● **Exercise brief**
Return every line of the records that includes the string "this".

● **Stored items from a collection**

• • • •

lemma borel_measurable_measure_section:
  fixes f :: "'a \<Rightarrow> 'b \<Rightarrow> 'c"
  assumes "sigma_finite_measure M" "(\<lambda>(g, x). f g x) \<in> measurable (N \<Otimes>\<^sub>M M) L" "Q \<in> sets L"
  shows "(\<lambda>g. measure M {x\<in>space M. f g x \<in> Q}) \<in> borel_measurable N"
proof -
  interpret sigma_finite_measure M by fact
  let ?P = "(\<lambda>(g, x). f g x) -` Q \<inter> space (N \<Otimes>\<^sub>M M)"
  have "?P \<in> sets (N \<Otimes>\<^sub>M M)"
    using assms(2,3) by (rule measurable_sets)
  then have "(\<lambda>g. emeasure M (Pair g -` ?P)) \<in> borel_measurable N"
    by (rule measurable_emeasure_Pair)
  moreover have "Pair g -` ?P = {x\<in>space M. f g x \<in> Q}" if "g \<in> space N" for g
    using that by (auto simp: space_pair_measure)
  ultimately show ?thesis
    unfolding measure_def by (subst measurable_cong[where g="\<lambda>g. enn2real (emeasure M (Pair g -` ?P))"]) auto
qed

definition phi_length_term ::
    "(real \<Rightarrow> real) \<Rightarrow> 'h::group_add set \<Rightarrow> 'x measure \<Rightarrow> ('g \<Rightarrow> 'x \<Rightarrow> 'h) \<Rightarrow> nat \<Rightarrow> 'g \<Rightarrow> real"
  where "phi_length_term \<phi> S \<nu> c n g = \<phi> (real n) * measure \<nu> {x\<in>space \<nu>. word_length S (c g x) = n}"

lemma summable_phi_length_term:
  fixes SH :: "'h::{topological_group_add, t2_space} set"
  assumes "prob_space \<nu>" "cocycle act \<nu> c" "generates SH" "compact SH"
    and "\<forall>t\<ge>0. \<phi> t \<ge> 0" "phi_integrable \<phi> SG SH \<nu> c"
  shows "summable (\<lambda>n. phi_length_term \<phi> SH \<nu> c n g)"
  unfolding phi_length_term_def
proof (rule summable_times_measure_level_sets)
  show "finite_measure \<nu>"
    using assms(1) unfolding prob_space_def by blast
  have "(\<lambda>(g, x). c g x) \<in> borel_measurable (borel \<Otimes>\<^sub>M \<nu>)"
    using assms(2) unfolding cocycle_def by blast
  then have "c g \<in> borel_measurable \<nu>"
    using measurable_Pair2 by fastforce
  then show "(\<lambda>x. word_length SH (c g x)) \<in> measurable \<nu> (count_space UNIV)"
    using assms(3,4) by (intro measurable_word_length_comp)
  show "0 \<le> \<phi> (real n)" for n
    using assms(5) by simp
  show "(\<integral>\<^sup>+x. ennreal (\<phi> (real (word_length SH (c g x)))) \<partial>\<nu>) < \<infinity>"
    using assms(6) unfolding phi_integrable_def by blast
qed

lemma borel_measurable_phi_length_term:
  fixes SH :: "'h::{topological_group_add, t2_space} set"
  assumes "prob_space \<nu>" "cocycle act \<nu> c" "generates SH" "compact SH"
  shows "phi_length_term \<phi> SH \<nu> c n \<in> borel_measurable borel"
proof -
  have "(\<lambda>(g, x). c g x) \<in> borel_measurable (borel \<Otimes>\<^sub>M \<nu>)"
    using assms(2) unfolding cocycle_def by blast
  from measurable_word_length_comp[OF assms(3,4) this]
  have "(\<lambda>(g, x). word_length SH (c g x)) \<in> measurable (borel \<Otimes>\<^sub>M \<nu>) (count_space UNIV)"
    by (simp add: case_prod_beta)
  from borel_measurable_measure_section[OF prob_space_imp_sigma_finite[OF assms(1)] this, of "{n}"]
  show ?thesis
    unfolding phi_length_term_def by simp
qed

• • • •

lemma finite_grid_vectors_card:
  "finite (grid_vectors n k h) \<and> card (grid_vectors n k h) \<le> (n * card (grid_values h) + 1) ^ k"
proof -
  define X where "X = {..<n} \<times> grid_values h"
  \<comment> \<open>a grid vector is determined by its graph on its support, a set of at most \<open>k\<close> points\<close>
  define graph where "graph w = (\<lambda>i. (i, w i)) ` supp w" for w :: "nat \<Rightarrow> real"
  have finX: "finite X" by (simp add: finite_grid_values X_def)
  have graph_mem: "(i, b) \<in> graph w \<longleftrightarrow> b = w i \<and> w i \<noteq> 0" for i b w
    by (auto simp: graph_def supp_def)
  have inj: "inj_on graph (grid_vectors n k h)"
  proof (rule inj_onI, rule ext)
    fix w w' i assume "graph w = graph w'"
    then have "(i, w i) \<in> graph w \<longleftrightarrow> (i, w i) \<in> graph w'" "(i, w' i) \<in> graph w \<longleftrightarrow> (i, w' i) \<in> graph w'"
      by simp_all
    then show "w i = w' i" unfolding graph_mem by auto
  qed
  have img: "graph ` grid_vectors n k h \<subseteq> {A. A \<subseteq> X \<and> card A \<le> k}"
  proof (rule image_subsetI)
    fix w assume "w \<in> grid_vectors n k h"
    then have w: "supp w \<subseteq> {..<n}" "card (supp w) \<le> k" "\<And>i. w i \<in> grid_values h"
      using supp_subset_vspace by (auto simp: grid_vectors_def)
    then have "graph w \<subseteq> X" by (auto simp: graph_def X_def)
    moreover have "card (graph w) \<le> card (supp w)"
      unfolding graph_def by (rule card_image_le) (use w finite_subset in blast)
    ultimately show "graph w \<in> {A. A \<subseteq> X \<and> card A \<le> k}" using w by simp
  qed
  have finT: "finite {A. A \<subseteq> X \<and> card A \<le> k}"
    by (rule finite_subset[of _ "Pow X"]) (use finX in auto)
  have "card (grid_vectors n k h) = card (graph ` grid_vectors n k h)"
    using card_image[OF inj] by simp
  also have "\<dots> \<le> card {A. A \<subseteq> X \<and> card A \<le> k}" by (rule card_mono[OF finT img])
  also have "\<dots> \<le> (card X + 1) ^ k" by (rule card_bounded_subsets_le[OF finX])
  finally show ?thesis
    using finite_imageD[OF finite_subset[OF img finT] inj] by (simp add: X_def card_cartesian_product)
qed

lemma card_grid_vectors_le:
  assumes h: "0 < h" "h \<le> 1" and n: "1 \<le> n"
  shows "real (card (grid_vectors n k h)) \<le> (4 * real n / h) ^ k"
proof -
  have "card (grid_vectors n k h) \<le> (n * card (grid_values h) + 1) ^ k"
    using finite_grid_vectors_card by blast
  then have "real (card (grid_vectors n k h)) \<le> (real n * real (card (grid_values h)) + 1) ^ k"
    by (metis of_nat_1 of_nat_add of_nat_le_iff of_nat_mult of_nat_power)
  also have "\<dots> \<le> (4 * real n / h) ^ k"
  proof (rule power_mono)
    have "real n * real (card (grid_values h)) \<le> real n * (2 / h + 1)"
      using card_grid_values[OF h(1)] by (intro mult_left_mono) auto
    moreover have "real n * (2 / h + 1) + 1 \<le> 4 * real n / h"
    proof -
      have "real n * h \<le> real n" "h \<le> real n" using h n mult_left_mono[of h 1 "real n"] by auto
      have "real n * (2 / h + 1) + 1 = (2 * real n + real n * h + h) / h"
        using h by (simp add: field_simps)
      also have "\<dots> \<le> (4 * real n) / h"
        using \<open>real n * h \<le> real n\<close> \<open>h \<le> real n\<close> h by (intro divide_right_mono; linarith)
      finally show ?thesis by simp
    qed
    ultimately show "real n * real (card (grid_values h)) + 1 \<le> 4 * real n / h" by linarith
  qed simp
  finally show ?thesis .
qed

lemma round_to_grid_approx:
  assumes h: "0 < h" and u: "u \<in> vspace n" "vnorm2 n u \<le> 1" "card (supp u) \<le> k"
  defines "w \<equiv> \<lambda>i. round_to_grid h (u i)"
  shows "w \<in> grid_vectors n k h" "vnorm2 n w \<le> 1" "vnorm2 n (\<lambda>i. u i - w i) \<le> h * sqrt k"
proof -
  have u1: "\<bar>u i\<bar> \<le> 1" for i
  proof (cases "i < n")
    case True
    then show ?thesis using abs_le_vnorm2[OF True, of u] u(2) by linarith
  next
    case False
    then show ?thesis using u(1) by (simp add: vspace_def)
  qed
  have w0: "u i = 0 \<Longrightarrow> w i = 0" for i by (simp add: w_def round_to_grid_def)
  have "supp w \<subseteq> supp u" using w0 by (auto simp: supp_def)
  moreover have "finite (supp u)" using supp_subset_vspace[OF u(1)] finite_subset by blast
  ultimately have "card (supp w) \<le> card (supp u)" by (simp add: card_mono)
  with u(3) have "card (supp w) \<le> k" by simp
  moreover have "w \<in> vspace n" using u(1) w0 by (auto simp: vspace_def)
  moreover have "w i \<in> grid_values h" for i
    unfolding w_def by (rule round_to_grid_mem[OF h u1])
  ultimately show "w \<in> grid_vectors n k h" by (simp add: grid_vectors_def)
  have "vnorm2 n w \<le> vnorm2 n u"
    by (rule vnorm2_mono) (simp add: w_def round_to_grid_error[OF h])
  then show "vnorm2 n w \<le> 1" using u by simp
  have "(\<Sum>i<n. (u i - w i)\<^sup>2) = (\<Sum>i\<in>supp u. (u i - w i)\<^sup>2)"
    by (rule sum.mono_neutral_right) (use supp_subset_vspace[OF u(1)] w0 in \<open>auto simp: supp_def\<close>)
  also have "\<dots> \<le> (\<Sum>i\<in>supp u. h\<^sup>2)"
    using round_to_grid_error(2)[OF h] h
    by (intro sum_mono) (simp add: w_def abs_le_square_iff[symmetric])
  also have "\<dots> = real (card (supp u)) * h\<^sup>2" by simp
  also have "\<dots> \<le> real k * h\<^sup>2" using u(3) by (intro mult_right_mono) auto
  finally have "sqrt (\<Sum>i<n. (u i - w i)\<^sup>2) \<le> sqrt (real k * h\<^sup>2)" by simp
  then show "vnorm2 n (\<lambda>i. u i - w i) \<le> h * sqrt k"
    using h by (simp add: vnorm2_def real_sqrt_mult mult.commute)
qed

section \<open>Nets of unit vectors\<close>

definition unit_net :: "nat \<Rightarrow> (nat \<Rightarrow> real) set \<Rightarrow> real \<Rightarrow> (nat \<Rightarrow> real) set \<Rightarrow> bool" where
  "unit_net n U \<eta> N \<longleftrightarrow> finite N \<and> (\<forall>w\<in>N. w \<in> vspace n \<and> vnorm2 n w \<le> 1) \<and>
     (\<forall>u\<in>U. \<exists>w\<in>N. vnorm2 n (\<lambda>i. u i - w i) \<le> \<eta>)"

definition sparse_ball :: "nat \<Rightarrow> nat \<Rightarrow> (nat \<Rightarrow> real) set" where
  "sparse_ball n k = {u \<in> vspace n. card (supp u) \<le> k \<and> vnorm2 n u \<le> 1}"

• • • •

● **Result**
  from measurable_word_length_comp[OF assms(3,4) this]
  from borel_measurable_measure_section[OF prob_space_imp_sigma_finite[OF assms(1)] this, of "{n}"]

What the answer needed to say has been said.